→ Exercise
From the entries below, tally how many lines contain "forall" and report only that figure.

Data excerpts
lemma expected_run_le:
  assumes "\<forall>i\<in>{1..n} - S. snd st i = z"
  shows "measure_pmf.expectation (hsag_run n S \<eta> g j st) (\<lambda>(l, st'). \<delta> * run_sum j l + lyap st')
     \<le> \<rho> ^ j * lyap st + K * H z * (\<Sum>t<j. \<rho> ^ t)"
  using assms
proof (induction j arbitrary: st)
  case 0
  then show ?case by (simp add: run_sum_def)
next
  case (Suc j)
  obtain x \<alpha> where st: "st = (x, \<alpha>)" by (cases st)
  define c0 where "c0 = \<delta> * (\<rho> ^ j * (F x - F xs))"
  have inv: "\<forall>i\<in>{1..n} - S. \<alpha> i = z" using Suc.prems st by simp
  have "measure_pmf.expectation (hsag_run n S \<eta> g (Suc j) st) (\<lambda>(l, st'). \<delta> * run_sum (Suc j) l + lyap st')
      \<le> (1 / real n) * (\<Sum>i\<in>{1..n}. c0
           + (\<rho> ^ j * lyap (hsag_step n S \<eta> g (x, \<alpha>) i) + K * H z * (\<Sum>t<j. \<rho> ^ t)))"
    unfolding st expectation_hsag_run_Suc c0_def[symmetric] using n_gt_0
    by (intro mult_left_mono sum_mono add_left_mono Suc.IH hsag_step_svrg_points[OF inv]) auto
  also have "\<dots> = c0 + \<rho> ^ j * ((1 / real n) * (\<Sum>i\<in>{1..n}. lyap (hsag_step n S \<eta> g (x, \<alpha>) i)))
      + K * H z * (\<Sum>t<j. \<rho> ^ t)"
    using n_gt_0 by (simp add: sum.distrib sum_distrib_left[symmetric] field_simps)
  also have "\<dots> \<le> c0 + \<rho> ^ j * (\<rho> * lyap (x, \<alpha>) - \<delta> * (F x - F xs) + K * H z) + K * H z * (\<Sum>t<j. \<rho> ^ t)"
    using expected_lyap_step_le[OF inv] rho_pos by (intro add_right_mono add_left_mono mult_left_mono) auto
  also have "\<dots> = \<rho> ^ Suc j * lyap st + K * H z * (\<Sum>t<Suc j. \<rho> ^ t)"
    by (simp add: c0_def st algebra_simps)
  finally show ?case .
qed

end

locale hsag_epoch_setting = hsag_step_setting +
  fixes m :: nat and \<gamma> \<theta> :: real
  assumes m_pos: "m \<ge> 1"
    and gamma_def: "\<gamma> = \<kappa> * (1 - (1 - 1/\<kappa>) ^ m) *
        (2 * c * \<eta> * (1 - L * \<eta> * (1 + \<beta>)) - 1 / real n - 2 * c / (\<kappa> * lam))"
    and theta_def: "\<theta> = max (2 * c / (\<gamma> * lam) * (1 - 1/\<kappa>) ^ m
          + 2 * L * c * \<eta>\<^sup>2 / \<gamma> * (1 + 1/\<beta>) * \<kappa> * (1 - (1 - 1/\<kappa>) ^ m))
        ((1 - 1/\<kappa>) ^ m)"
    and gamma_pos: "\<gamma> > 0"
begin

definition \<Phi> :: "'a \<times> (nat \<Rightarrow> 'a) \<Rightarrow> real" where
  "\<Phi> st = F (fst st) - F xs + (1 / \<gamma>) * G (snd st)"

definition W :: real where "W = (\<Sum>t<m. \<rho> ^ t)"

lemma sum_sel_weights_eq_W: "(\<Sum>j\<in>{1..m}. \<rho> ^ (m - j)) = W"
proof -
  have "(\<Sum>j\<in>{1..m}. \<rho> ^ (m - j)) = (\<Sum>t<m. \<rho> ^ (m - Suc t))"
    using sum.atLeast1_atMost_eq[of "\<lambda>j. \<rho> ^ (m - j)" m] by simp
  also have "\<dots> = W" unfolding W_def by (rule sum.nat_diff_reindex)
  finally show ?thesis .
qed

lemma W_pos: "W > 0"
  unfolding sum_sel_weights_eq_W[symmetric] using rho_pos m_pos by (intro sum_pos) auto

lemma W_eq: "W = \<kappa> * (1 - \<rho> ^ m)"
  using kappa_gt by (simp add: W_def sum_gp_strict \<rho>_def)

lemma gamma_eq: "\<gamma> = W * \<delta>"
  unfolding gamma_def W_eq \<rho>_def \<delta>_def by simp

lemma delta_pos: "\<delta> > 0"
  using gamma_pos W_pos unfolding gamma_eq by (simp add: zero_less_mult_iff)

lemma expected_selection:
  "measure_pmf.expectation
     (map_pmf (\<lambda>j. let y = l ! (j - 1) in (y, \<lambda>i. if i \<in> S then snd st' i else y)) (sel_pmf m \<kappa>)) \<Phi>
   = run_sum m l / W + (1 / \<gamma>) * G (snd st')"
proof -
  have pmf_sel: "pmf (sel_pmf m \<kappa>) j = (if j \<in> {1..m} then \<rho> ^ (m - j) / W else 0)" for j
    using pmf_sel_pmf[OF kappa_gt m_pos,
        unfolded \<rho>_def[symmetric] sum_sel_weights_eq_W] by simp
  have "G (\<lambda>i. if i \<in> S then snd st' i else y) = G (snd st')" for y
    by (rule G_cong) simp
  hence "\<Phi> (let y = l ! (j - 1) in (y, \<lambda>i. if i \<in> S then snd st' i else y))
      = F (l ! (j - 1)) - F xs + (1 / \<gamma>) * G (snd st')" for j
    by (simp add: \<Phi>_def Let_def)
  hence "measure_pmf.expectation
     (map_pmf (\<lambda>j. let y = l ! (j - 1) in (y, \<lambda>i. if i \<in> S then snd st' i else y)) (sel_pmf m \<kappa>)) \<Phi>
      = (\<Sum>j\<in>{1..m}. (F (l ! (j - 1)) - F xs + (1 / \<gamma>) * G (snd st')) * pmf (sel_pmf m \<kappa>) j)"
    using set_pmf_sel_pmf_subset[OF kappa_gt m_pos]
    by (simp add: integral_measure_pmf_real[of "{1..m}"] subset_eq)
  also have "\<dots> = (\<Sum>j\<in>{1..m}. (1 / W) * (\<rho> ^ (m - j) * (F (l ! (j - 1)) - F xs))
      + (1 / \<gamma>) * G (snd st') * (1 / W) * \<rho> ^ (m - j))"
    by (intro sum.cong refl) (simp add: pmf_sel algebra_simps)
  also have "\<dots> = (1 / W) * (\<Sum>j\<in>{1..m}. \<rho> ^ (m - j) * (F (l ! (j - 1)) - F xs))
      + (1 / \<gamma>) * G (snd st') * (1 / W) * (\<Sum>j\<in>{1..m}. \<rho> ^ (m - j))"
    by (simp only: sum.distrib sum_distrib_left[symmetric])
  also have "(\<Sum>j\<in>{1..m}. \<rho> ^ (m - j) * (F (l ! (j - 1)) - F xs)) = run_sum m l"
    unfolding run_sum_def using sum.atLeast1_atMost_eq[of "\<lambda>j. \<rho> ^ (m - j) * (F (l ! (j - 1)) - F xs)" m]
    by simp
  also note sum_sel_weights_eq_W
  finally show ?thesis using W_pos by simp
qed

---

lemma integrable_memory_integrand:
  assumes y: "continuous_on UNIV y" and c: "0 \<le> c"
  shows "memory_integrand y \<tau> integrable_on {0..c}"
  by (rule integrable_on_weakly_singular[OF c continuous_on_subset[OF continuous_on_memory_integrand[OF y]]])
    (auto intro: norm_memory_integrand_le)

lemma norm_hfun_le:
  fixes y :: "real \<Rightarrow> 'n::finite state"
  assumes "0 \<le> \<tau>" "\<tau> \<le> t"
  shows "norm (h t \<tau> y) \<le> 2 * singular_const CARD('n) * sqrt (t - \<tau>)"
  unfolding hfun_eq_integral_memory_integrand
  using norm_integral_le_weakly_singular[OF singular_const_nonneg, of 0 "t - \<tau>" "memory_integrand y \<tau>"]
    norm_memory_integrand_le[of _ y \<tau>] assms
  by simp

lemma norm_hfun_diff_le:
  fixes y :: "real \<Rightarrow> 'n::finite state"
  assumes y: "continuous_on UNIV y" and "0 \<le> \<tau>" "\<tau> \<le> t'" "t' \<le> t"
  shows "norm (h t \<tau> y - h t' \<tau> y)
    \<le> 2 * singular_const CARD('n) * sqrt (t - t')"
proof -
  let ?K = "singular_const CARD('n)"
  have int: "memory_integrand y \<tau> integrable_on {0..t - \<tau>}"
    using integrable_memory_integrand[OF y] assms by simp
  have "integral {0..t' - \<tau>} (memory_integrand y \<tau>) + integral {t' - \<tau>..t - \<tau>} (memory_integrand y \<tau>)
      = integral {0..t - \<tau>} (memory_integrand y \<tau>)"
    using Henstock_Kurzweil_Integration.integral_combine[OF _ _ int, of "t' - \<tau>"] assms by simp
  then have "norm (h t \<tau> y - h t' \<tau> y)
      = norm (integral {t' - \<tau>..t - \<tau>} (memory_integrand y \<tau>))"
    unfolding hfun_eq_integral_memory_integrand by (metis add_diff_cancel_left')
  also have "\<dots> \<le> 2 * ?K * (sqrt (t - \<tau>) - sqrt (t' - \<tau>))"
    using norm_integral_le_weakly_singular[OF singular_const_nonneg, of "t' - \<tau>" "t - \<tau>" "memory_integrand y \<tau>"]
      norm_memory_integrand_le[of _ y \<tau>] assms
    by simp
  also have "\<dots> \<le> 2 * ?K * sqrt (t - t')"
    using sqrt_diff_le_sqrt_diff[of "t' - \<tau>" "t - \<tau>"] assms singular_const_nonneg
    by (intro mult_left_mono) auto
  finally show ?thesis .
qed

...

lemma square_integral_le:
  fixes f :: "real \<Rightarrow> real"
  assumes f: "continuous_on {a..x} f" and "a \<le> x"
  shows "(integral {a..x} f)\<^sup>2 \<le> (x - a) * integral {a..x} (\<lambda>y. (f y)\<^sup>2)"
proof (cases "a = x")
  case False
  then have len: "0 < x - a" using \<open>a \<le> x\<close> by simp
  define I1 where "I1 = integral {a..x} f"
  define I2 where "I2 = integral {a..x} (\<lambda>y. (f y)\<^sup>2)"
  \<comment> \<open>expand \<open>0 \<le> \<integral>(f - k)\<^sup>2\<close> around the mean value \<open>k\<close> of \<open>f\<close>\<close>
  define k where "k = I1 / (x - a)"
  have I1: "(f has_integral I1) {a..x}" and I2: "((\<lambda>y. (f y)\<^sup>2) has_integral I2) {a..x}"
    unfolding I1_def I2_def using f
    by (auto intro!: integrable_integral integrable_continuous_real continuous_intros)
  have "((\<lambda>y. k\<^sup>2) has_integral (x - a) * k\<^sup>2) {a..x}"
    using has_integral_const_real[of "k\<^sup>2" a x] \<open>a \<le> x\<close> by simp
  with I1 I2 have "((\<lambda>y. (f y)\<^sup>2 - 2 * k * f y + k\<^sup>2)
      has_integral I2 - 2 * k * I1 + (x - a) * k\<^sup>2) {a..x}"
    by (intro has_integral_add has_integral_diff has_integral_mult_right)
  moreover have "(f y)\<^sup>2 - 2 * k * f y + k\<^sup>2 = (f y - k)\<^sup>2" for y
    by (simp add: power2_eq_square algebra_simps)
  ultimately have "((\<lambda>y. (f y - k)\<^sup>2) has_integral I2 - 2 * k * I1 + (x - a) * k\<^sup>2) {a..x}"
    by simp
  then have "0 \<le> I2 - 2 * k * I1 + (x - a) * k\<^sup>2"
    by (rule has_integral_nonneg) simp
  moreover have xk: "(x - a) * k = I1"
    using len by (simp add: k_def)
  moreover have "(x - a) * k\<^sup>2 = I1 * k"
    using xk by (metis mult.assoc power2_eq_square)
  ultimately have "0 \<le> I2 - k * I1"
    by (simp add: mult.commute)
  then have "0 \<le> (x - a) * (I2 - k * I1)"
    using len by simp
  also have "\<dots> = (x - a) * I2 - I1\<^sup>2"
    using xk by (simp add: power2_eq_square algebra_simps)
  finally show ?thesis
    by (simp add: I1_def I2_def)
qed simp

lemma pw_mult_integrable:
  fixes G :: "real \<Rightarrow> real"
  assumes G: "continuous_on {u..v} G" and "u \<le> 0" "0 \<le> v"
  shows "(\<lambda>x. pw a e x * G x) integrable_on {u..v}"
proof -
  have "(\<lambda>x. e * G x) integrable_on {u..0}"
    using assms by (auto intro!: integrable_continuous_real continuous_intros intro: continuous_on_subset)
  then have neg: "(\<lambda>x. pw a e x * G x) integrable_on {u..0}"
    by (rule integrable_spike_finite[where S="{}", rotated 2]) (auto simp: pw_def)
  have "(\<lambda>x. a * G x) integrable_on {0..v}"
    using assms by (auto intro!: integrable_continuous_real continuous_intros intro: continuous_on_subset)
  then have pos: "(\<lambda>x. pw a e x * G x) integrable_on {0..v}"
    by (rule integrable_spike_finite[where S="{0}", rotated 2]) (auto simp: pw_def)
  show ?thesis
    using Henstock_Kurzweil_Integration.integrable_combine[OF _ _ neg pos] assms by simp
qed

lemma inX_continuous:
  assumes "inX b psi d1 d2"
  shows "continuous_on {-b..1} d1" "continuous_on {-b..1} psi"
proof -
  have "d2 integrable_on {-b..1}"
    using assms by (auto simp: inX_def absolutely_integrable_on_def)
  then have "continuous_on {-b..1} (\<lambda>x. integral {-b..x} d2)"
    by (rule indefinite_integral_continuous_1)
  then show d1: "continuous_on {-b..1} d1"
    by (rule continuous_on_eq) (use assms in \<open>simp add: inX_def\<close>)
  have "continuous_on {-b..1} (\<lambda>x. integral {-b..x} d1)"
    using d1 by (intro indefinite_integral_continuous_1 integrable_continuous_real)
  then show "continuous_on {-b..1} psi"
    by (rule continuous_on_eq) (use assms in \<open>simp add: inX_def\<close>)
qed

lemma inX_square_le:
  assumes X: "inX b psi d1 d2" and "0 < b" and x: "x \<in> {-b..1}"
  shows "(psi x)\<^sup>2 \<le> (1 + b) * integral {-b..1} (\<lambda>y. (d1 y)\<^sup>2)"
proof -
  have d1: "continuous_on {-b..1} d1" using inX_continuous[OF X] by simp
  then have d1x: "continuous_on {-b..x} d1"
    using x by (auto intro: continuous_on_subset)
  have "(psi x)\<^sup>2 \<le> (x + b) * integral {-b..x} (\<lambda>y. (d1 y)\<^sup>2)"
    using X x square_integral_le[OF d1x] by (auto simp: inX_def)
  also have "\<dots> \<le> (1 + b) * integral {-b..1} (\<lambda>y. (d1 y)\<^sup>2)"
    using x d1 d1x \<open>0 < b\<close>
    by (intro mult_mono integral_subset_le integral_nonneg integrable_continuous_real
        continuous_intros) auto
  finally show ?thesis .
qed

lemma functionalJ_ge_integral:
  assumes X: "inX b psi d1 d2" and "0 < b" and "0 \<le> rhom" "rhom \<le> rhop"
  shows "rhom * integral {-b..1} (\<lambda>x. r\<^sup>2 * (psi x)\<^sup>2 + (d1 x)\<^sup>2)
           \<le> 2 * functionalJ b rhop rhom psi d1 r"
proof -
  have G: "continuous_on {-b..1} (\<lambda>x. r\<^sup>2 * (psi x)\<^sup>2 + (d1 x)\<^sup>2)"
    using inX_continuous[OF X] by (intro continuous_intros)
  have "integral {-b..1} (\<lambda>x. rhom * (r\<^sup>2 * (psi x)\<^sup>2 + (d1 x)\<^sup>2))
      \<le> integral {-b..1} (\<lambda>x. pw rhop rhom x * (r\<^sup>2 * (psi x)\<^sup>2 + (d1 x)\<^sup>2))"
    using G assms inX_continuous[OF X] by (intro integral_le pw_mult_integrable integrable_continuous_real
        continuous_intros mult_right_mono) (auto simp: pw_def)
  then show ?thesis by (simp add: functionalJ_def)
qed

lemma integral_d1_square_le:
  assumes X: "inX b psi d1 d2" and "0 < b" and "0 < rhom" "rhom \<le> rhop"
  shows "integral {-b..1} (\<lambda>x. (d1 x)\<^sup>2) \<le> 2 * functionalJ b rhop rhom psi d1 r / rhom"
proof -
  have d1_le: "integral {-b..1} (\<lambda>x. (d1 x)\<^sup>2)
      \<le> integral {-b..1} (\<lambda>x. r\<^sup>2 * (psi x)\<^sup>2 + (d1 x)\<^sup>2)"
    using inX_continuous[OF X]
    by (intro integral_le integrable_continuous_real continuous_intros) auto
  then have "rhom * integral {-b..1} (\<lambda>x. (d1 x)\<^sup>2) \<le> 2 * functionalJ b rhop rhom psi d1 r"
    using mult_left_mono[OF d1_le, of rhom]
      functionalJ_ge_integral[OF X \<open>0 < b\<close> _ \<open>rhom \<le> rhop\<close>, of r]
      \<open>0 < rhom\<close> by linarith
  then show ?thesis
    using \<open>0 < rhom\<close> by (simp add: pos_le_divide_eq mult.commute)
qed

→ Answer space
2